People, Places, and Things

 photo ae6e5c76-eb88-41b7-865f-d01dcdcaec46_zpsbbdp4fmg.jpg
 
 


~~ 1 ~~
 
Italian cousins
winding long spaghetti strands
around their fork tines
 
~~ 2 ~~
 
dour great-grandmother
dreaming of being a corpse
in less than a year
 
~~ 3 ~~
 
Loud clashing cymbals—
even the deaf boy hears them
and jumps from his chair.
 
~~ 4 ~~
 
Seven misspelled words—
she thinks the world has ended
as she fails the test.
 
~~ 5 ~~
 
A brook by the way—
she pauses to slake her thirst
before moving on.
 
~~ 6 ~~
 
on the homeward way
pushing through thorns and brambles
to get to her door
 
~~ 7 ~~
 
a tanning salon
where the KKK sister
turns her white skin brown
 
~~ 8 ~~
 
grandfather’s casket
hewn from a tree that he felled
forty years ago
 
~~ 9 ~~
 
an old garden rake
abandoned by the shoreline
after digging clams
 
~~ 10 ~~
 
recent crash debris
still littering the freeway
glass and wiper blades
 

 
Haiku © 2016 by Magical Mystical Teacher
 
 
More Poetry Pantry #315
 
More Sunday’s Whirligig #72

Posted on August 14, 2016, in 5-7-5, haiku, Poetry Pantry, Poets United, Sunday's Whirligig and tagged , , , , , , , , , , , . Bookmark the permalink. 18 Comments.

  1. What an epic journey – i think you have captured a slice of humanity in ten magical parts – 7 raised a wry smile – each a wonderful story.. touching..and at once a world away but relatable..
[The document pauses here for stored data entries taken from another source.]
(* For every $G^*\in\mathcal{G}^*_{d,c}(n)$, if $\sigma$ is a uniformly random permutation in $S_n$ then \[ \mathbb{E}\left[\lvert\phi(G^{*}_\sigma)\rvert\right] \geq T_c,\qquad T_c=c\cdot\frac{dn}{2}\cdot\frac{d-1}{d+1}.\]
   Context: Fix $0<c<1$, $n,d$ with $dn$ even, and $T_{\max}=\binom d2\frac n3$. $\mathcal{G}^*_{d,c}(n)$ is the set of $d$-regular graphs on nodes $\{1,\dots,n\}$ with at least $c\cdot T_{\max}$ triangles, where at each node the $d$ incident edges carry distinct labels $1,\dots,d$. Configuration ordering: for edges $e=(i_1j_1)$, $f=(i_2j_2)$ with $i_1<j_1$, $i_2<j_2$, $e\prec f$ if $i_1<i_2$, or $i_1=i_2$ and the label of $e$ at $i_1$ is smaller than that of $f$. With $e_1\prec\dots\prec e_{nd/2}$ the edges and $G^*[k]$ the subgraph on $e_1,\dots,e_k$, $\phi(G^* )\in\{0,1\}^{nd/2}$ has $\phi(G^* )(k)=1$ iff $e_k$ lies in a triangle of $G^*[k]$; $\lvert x\rvert=\sum_j x(j)$. $G^*_\sigma$ denotes $G^*$ with node labels permuted by $\sigma\in S_n$ (edge labels kept). *)

theory Defs
  imports "HOL-Probability.Probability" "HOL-Combinatorics.Permutations"
begin

text \<open>An edge-labelled graph: a set of edges (2-element node sets) together with
  a labelling function; lab i e is the label of edge e at its endpoint i.\<close>
type_synonym lgraph = "nat set set \<times> (nat \<Rightarrow> nat set \<Rightarrow> nat)"

definition edges :: "lgraph \<Rightarrow> nat set set" where "edges G = fst G"
definition elab :: "lgraph \<Rightarrow> nat \<Rightarrow> nat set \<Rightarrow> nat" where "elab G = snd G"

definition T_max :: "nat \<Rightarrow> nat \<Rightarrow> real" where
  "T_max n d = real (d choose 2) * real n / 3"

definition triangles :: "nat \<Rightarrow> lgraph \<Rightarrow> nat set set" where
  "triangles n G = {T. T \<subseteq> {1..n} \<and> card T = 3 \<and>
      (\<forall>u\<in>T. \<forall>v\<in>T. u \<noteq> v \<longrightarrow> {u, v} \<in> edges G)}"

definition Gstar :: "nat \<Rightarrow> real \<Rightarrow> nat \<Rightarrow> lgraph set" where
  "Gstar d c n = {G.
     edges G \<subseteq> {e. \<exists>u v. e = {u, v} \<and> u \<noteq> v \<and> u \<in> {1..n} \<and> v \<in> {1..n}} \<and>
     (\<forall>i\<in>{1..n}. card {e\<in>edges G. i \<in> e} = d) \<and>
     (\<forall>i\<in>{1..n}. bij_betw (elab G i) {e\<in>edges G. i \<in> e} {1..d}) \<and>
     real (card (triangles n G)) \<ge> c * T_max n d}"

definition cprec :: "lgraph \<Rightarrow> nat set \<Rightarrow> nat set \<Rightarrow> bool" where
  "cprec G e f \<longleftrightarrow> Min e < Min f \<or>
     (Min e = Min f \<and> elab G (Min e) e < elab G (Min f) f)"

definition edge_at :: "lgraph \<Rightarrow> nat \<Rightarrow> nat set" where
  "edge_at G k = (THE e. e \<in> edges G \<and> card {f\<in>edges G. cprec G f e} = k - 1)"
(* Let $\phi\colon P(\mathbb{R})\to P(\mathbb{R})$ be a surjective isometry with respect to the Kuiper distance. Then there exists a bijection $f\colon\mathbb{R}\to\mathbb{R}$ such that $$\phi(\mu)(\{f(x)\})=\mu(\{x\})\qquad(\mu\in P(\mathbb{R}),\ x\in\mathbb{R}).$$
   Context: $P(\mathbb{R})$ is the set of Borel probability measures on $\mathbb{R}$, with the Kuiper distance $d_{Ku}(\mu,\nu)=\sup\{|\mu(I)-\nu(I)| : I\text{ a non-degenerate interval of }\mathbb{R}\}$. *)

theory Defs
  imports "HOL-Probability.Probability"
begin

definition prob_measures_real :: "real measure set" where
  "prob_measures_real = {M. prob_space M \<and> sets M = sets borel}"

definition nondeg_intervals :: "real set set" where
  "nondeg_intervals = {I. is_interval I \<and> (\<exists>a\<in>I. \<exists>b\<in>I. a < b)}"

definition kuiper_dist :: "real measure \<Rightarrow> real measure \<Rightarrow> real" where
  "kuiper_dist \<mu> \<nu> = (SUP I \<in> nondeg_intervals. \<bar>measure \<mu> I - measure \<nu> I\<bar>)"

end

theory Submission
  imports Defs
begin

text \<open>The Dirac measures are characterised metrically: \<open>\<mu>\<close> is a Dirac measure iff it is the
metric midpoint of no two distinct measures. Since \<open>d(\<mu>, \<delta>\<^sub>x) = 1 - \<mu>{x}\<close>, two measures
at distance \<open>D/2\<close> from \<open>\<delta>\<^sub>x\<close> both put mass \<open>1 - D/2\<close> at \<open>x\<close> and at most \<open>D/2\<close> elsewhere,
hence are at distance at most \<open>D/2\<close> from each other. Conversely, if \<open>\<mu>\<close> is not a Dirac
measure, its distribution function takes a value \<open>t \<in> (0,1)\<close> at some \<open>c\<close>, and reweighting \<open>\<mu>\<close>
in opposite directions on \<open>(-\<infinity>, c]\<close> and its complement gives two measures that are
symmetric about \<open>\<mu>\<close> but differ on \<open>(-\<infinity>, c]\<close>. A surjective isometry preserves this
property, so it permutes the Dirac measures, \<open>\<delta>\<^sub>x \<mapsto> \<delta>\<^bsub>f x\<^esub>\<close>, and the identity
\<open>d(\<mu>, \<delta>\<^sub>x) = 1 - \<mu>{x}\<close> turns into \<open>\<phi>(\<mu>){f x} = \<mu>{x}\<close>.\<close>

definition tilt :: "'a measure \<Rightarrow> 'a set \<Rightarrow> real \<Rightarrow> 'a measure" where
  "tilt M A s = density M (\<lambda>x. ennreal (1 + s * (indicator A x - measure M A)))"

context prob_space
begin

lemma
  assumes A: "A \<in> events" and s: "\<bar>s\<bar> \<le> 1" and I: "I \<in> events"
  shows emeasure_tilt: "emeasure (tilt M A s) I = ennreal (prob I + s * (prob (I \<inter> A) - prob A * prob I))"
    and measure_tilt: "measure (tilt M A s) I = prob I + s * (prob (I \<inter> A) - prob A * prob I)"
proof -
  define a where "a = 1 + s * (1 - prob A)"
  define b where "b = 1 - s * prob A"
  have ab: "0 \<le> a" "0 \<le> b"
  proof -
    have "\<bar>s * (1 - prob A)\<bar> \<le> 1" "\<bar>s * prob A\<bar> \<le> 1"
      using s prob_le_1[of A] by (simp_all add: abs_mult mult_le_one)
    then show "0 \<le> a" "0 \<le> b"
      unfolding a_def b_def abs_le_iff by linarith+
  qed
  have "emeasure (tilt M A s) I = (\<integral>\<^sup>+ x. ennreal (1 + s * (indicator A x - prob A)) * indicator I x \<partial>M)"
    unfolding tilt_def using A I by (intro emeasure_density) auto
  also have "\<dots> = (\<integral>\<^sup>+ x. ennreal a * indicator (I \<inter> A) x + ennreal b * indicator (I - A) x \<partial>M)"
    by (rule nn_integral_cong) (simp add: a_def b_def indicator_def)
  also have "\<dots> = ennreal a * emeasure M (I \<inter> A) + ennreal b * emeasure M (I - A)"
    using A I by (simp add: nn_integral_add nn_integral_cmult_indicator)
  also have "\<dots> = ennreal (a * prob (I \<inter> A) + b * prob (I - A))"
    using ab by (simp add: emeasure_eq_measure ennreal_mult ennreal_plus[symmetric])
  also have eq: "a * prob (I \<inter> A) + b * prob (I - A) = prob I + s * (prob (I \<inter> A) - prob A * prob I)"
    using A I by (simp add: finite_measure_Diff' Int_commute a_def b_def algebra_simps)
  finally show emeasure: "emeasure (tilt M A s) I = ennreal (prob I + s * (prob (I \<inter> A) - prob A * prob I))" .
  have "0 \<le> a * prob (I \<inter> A) + b * prob (I - A)"
    using ab by simp
  then show "measure (tilt M A s) I = prob I + s * (prob (I \<inter> A) - prob A * prob I)"
    unfolding measure_def[of "tilt M A s"] emeasure eq[symmetric] by (rule enn2real_ennreal)
qed

lemma prob_space_tilt:
  assumes "A \<in> events" "\<bar>s\<bar> \<le> 1"
  shows "prob_space (tilt M A s)"
proof
  show "emeasure (tilt M A s) (space (tilt M A s)) = 1"
    using emeasure_tilt[OF assms sets.top] assms(1) by (simp add: tilt_def prob_space sets.Int_space_eq1)
qed

end

lemma sets_tilt [simp]: "sets (tilt M A s) = sets M"
  by (simp add: tilt_def)

definition midpoint_rigid :: "('a \<Rightarrow> 'a \<Rightarrow> real) \<Rightarrow> 'a set \<Rightarrow> 'a \<Rightarrow> bool" where
  "midpoint_rigid d S m \<longleftrightarrow>
     (\<forall>x\<in>S. \<forall>y\<in>S. 2 * d x m = d x y \<and> 2 * d m y = d x y \<longrightarrow> d x y = 0)"

lemma midpoint_rigid_isometric_image:
  assumes surj: "\<phi> ` S = S" and isom: "\<forall>x\<in>S. \<forall>y\<in>S. d (\<phi> x) (\<phi> y) = d x y"
    and m: "m \<in> S"
  shows "midpoint_rigid d S (\<phi> m) \<longleftrightarrow> midpoint_rigid d S m"
proof -
  have "midpoint_rigid d S (\<phi> m) \<longleftrightarrow>
      (\<forall>x\<in>S. \<forall>y\<in>S. 2 * d (\<phi> x) (\<phi> m) = d (\<phi> x) (\<phi> y) \<and>
         2 * d (\<phi> m) (\<phi> y) = d (\<phi> x) (\<phi> y) \<longrightarrow> d (\<phi> x) (\<phi> y) = 0)"
    unfolding midpoint_rigid_def by (subst (1 2) surj[symmetric]) simp
  also have "\<dots> \<longleftrightarrow> midpoint_rigid d S m"
    unfolding midpoint_rigid_def using isom m by simp
  finally show ?thesis .
qed

context real_distribution
begin

lemma prob_Diff_singleton_le: "prob (A - {x}) \<le> 1 - prob {x}"
proof -
  have "prob (A - {x}) \<le> prob (UNIV - {x})"
    by (rule finite_measure_mono) auto
  then show ?thesis
    using prob_compl[of "{x}"] by simp
qed

lemma prob_split_singleton:
  "A \<in> sets borel \<Longrightarrow> prob A = prob (A - {x}) + (if x \<in> A then prob {x} else 0)"
  by (simp add: finite_measure_Diff' Int_insert_right)

lemma prob_Icc_tendsto_singleton: "((\<lambda>y. prob {x..y}) \<longlongrightarrow> prob {x}) (at_right x)"
proof -
  have Icc: "prob {x..y} = prob {x} + (cdf M y - cdf M x)" if "x < y" for y
  proof -
    have "{x..y} = {x} \<union> {x<..y}"
      using that by auto
    then show ?thesis
      using that finite_measure_Union[of "{x}" "{x<..y}"] by (simp add: cdf_diff_eq)
  qed
  have "\<forall>\<^sub>F y in at_right x. prob {x} + (cdf M y - cdf M x) = prob {x..y}"
    using eventually_at_right_less[of x] by eventually_elim (simp add: Icc)
  moreover have "((\<lambda>y. prob {x} + (cdf M y - cdf M x)) \<longlongrightarrow> prob {x} + (cdf M x - cdf M x)) (at_right x)"
    using cdf_is_right_cont[of x] unfolding continuous_within by (intro tendsto_intros)
  ultimately show ?thesis
    by (simp add: tendsto_cong)
qed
  2. That is quite a miscellany of haiku. I must confess I laughed aloud at “A tanning salon” .

  3. What a lovely Sunday conversation! i luv the drama of Haiku #3

    much love…

  4. Wow! What an imagination. It’s like reading a series of stories, each narrating its own tale.

  5. Oh the hypocrisy of tanning salons and white supremacy… the old garden rake could be next to a red wheelbarrow… very imagiist

  6. The vibrations of the clashing cymbals is what is felt and translated into sound

  7. Very vividly painted vignettes! Interesting the KKK sister tanning her white skin brown.
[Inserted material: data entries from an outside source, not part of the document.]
(* An action theory $\Theta=S\cup E\cup X$ is modular if and only if the big model of $\Theta$ is a model of $\Theta$.
   Context: Fix a set $\mathrm{Act}$ of atomic actions and a set $\mathrm{Prop}$ of atoms. Boolean formulas are classical propositional formulas over $\mathrm{Prop}$; $\models_{CPL}$ is classical consequence; a valuation is a maximal consistent set of literals, and $\mathrm{val}(S)$ is the set of valuations satisfying every formula of a set $S$ of Boolean formulas. Modal formulas are built from Boolean formulas using the Boolean connectives and a box $[a]$ for each $a\in\mathrm{Act}$; $\langle a\rangle\Phi:=\neg[a]\neg\Phi$. A PDL-model is $M=\langle W,R\rangle$ where $W$ is a set of valuations (worlds) and $R$ assigns to each $a$ a relation $R_a\subseteq W\times W$; $w\models_M p$ iff $p\in w$, $w\models_M[a]\Phi$ iff $w'\models_M\Phi$ for all $(w,w')\in R_a$, Boolean connectives as usual. $M\models\Phi$ iff $\Phi$ holds at every world of $M$; $M\models\Sigma$ iff $M\models\Phi$ for all $\Phi\in\Sigma$; $\Sigma\models_{PDL}\Phi$ iff every PDL-model of $\Sigma$ is a model of $\Phi$. A static law is a Boolean formula; an effect law for $a$ is $\varphi\to[a]\psi$ and an executability law for $a$ is $\varphi\to\langle a\rangle\top$, with $\varphi,\psi$ Boolean. An action theory is $\Theta=S\cup E\cup X$ with $S$ a set of static laws, $E$ a set of effect laws and $X$ a set of executability laws; $E_a$ denotes the effect laws for $a$. $\Theta$ is modular iff for every Boolean $\varphi$, $\Theta\models_{PDL}\varphi$ implies $S\models_{CPL}\varphi$. The big model of $\Theta$ is $M_{big}=\langle W_{big},R_{big}\rangle$ with $W_{big}=\mathrm{val}(S)$ and, for each $a$, $(R_{big})_a=\{(w,w')\in W_{big}\times W_{big}:$ for all $\varphi\to[a]\psi\in E_a$, if $w\models\varphi$ then $w'\models\psi\}$. *)

theory Defs
  imports Main
begin
lemma bij_betw_pick_perm_injective_index_maps:
  "bij_betw (\<lambda>(S, p). pick_perm n S p)
     (Sigma {S. S \<subseteq> {0..<m} \<and> card S = n} (\<lambda>_. {p. p permutes {0..<n}}))
     (injective_index_maps n m)"
proof (rule bij_betwI')
  fix Sp Sp' assume "Sp \<in> Sigma {S. S \<subseteq> {0..<m} \<and> card S = n} (\<lambda>_. {p. p permutes {0..<n}})"
    and "Sp' \<in> Sigma {S. S \<subseteq> {0..<m} \<and> card S = n} (\<lambda>_. {p. p permutes {0..<n}})"
  then obtain S p S' p' where Sp: "Sp = (S, p)" "Sp' = (S', p')" and S: "S \<subseteq> {0..<m}" "card S = n"
    and S': "S' \<subseteq> {0..<m}" "card S' = n" and p: "p permutes {0..<n}" and p': "p' permutes {0..<n}"
    by auto
  show "((\<lambda>(S, p). pick_perm n S p) Sp = (\<lambda>(S, p). pick_perm n S p) Sp') = (Sp = Sp')"
  proof
    assume "(\<lambda>(S, p). pick_perm n S p) Sp = (\<lambda>(S, p). pick_perm n S p) Sp'"
    hence eq: "pick_perm n S p = pick_perm n S' p'" unfolding Sp by simp
    hence "S = S'" using pick_perm_injective_index_map(2)[OF S p] pick_perm_injective_index_map(2)[OF S' p']
      by simp
    moreover have "p i = p' i" for i
    proof (cases "i < n")
      case True
      hence "pick S (p i) = pick S (p' i)" "p i \<in> {0..<card S}" "p' i \<in> {0..<card S}"
        using fun_cong[OF eq, of i] \<open>S = S'\<close> permutes_in_image[OF p] permutes_in_image[OF p'] S(2)
        unfolding pick_perm_def by auto
      thus ?thesis using inj_on_pick by (metis inj_onD)
    next
      case False
      thus ?thesis using permutes_not_in[OF p] permutes_not_in[OF p'] by simp
    qed
    ultimately show "Sp = Sp'" unfolding Sp by auto
  qed simp
next
  fix Sp assume "Sp \<in> Sigma {S. S \<subseteq> {0..<m} \<and> card S = n} (\<lambda>_. {p. p permutes {0..<n}})"
  thus "(\<lambda>(S, p). pick_perm n S p) Sp \<in> injective_index_maps n m"
    using pick_perm_injective_index_map(1) by auto
next
  fix f assume f: "f \<in> injective_index_maps n m"
  then obtain p where p: "p permutes {0..<n}" and f_eq: "f = pick_perm n (f ` {0..<n}) p"
    by (rule injective_index_map_eq_pick_perm)
  have "f ` {0..<n} \<subseteq> {0..<m}" "card (f ` {0..<n}) = n"
    using f card_image[of f "{0..<n}"] unfolding injective_index_maps_def by auto
  with p have "(f ` {0..<n}, p) \<in> Sigma {S. S \<subseteq> {0..<m} \<and> card S = n} (\<lambda>_. {p. p permutes {0..<n}})"
    by simp
  thus "\<exists>Sp \<in> Sigma {S. S \<subseteq> {0..<m} \<and> card S = n} (\<lambda>_. {p. p permutes {0..<n}}).
      f = (\<lambda>(S, p). pick_perm n S p) Sp"
    by (rule bexI[rotated]) (simp only: prod.case f_eq[symmetric])
qed

lemma det_mult_sum_injective_index_maps:
  fixes A B :: "'a :: comm_ring_1 mat"
  assumes A: "A \<in> carrier_mat n m" and B: "B \<in> carrier_mat m n"
  shows "det (A * B) = (\<Sum>f\<in>injective_index_maps n m.
           (\<Prod>i\<in>{0..<n}. A $$ (i, f i)) * det (mat\<^sub>r n n (\<lambda>i. row B (f i))))"
proof -
  let ?U = "{0..<n}"
  define F where "F = {f. (\<forall>i\<in>?U. f i \<in> {0..<m}) \<and> (\<forall>i. i \<notin> ?U \<longrightarrow> f i = i)}"
  define H where "H f = (\<Prod>i\<in>?U. A $$ (i, f i)) * det (mat\<^sub>r n n (\<lambda>i. row B (f i)))" for f
  have "det (A * B) = (\<Sum>f\<in>F. det (mat\<^sub>r n n (\<lambda>i. A $$ (i, f i) \<cdot>\<^sub>v row B (f i))))"
    unfolding mat_mul_finsum_alt[OF A B] F_def using B by (intro det_linear_rows_sum) auto
  also have "\<dots> = (\<Sum>f\<in>F. H f)"
    unfolding H_def using B by (intro sum.cong refl det_rows_mul) auto
  also have "\<dots> = (\<Sum>f\<in>injective_index_maps n m. H f)"
  proof (rule sum.mono_neutral_right)
    show "finite F" unfolding F_def by (rule finite_bounded_functions) auto
    show "injective_index_maps n m \<subseteq> F" unfolding F_def injective_index_maps_def by auto
    show "\<forall>f\<in>F - injective_index_maps n m. H f = 0"
    proof
      fix f assume "f \<in> F - injective_index_maps n m"
      then obtain i j where "f i = f j" "i \<noteq> j" "i < n" "j < n"
        unfolding F_def injective_index_maps_def inj_on_def by auto
      hence "det (mat\<^sub>r n n (\<lambda>i. row B (f i))) = 0"
        using B by (intro det_identical_rows[of _ n i j]) auto
      thus "H f = 0" unfolding H_def by simp
    qed
  qed
  finally show ?thesis unfolding H_def .
qed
  8. What a journey here, and what the attitude…esp. at that great-grandmother…

  9. I can see how someone would be upset by those seven misspelled words leading to failure; and ah, poor grandmother not having a brighter dream.

  10. “dreaming of being a corpse” so very sad when life means existence only and not living….wonderful, each one….

  11. A brook by the way—
    she pauses to slake her thirst
    before moving on.

    Lovely!! ❤

  12. An interesting set. I fell for the dour great grandmother.
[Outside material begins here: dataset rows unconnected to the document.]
lemma one_le_prod_two_abs_Im_unity_roots:
  assumes "n \<ge> 3"
  shows "1 \<le> (\<Prod>k\<in>totatives n. 2 * \<bar>Im (unity_root n k)\<bar>)"
proof -
  have "1 * 1 \<le> (\<Prod>k\<in>totatives n. norm (1 - unity_root n k)) * (\<Prod>k\<in>totatives n. norm (-1 - unity_root n k))"
    using assms by (intro mult_mono one_le_prod_norm_diff_unity_roots prod_nonneg) auto
  also have "\<dots> = (\<Prod>k\<in>totatives n. norm (1 - unity_root n k) * norm (1 + unity_root n k))"
    unfolding prod.distrib[symmetric]
    by (intro prod.cong refl) (simp add: norm_minus_commute[of "-1"] add.commute)
  also have "\<dots> = (\<Prod>k\<in>totatives n. 2 * \<bar>Im (unity_root n k)\<bar>)"
    by (intro prod.cong refl norm_one_minus_mult_norm_one_plus) simp
  finally show ?thesis by simp
qed

lemma cyclo_form_eq_prod:
  "cyclo_form n x y = (\<Prod>k\<in>totatives n. of_int x - unity_root n k * of_int y)"
proof (cases "y = 0")
  case True
  then have "cyclo_form n x y = (\<Sum>i\<le>totient n. if i = totient n then of_int x ^ totient n else 0)"
    unfolding cyclo_form_def by (intro sum.cong refl) (auto simp: lead_coeff_cyclotomic[unfolded degree_cyclotomic])
  with True show ?thesis
    by (simp add: totient_def)
next
  case False
  let ?d = "totient n" and ?y = "of_int y :: complex"
  have "cyclo_form n x y = (\<Sum>i\<le>?d. ?y ^ ?d * (coeff (cyclotomic n) i * (of_int x / ?y) ^ i))"
    unfolding cyclo_form_def
  proof (intro sum.cong refl)
    fix i assume "i \<in> {..?d}"
    then have "?y ^ ?d = ?y ^ i * ?y ^ (?d - i)"
      by (simp add: power_add[symmetric])
    with False show "coeff (cyclotomic n) i * of_int x ^ i * ?y ^ (?d - i) = ?y ^ ?d * (coeff (cyclotomic n) i * (of_int x / ?y) ^ i)"
      by (simp add: power_divide field_simps)
  qed
  also have "\<dots> = ?y ^ ?d * poly (cyclotomic n) (of_int x / ?y)"
    by (simp add: poly_altdef sum_distrib_left degree_cyclotomic)
  also have "\<dots> = (\<Prod>k\<in>totatives n. ?y * (of_int x / ?y - unity_root n k))"
    by (simp add: cyclotomic_conv_totatives poly_prod prod.distrib totient_def)
  also have "\<dots> = (\<Prod>k\<in>totatives n. of_int x - unity_root n k * ?y)"
    using False by (intro prod.cong refl) (simp add: field_simps)
  finally show ?thesis .
qed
  13. Rosemary Nissen-Wade

    You always surprise me – I love that.

  14. I really enjoyed this, stanza 7 so well penned.

  15. Wow! each of these opens up a world beyond its words. Of course, my head spun a link between the actual handicaps of characters in the first haiku, the seeming handicaps and ironies of the latter.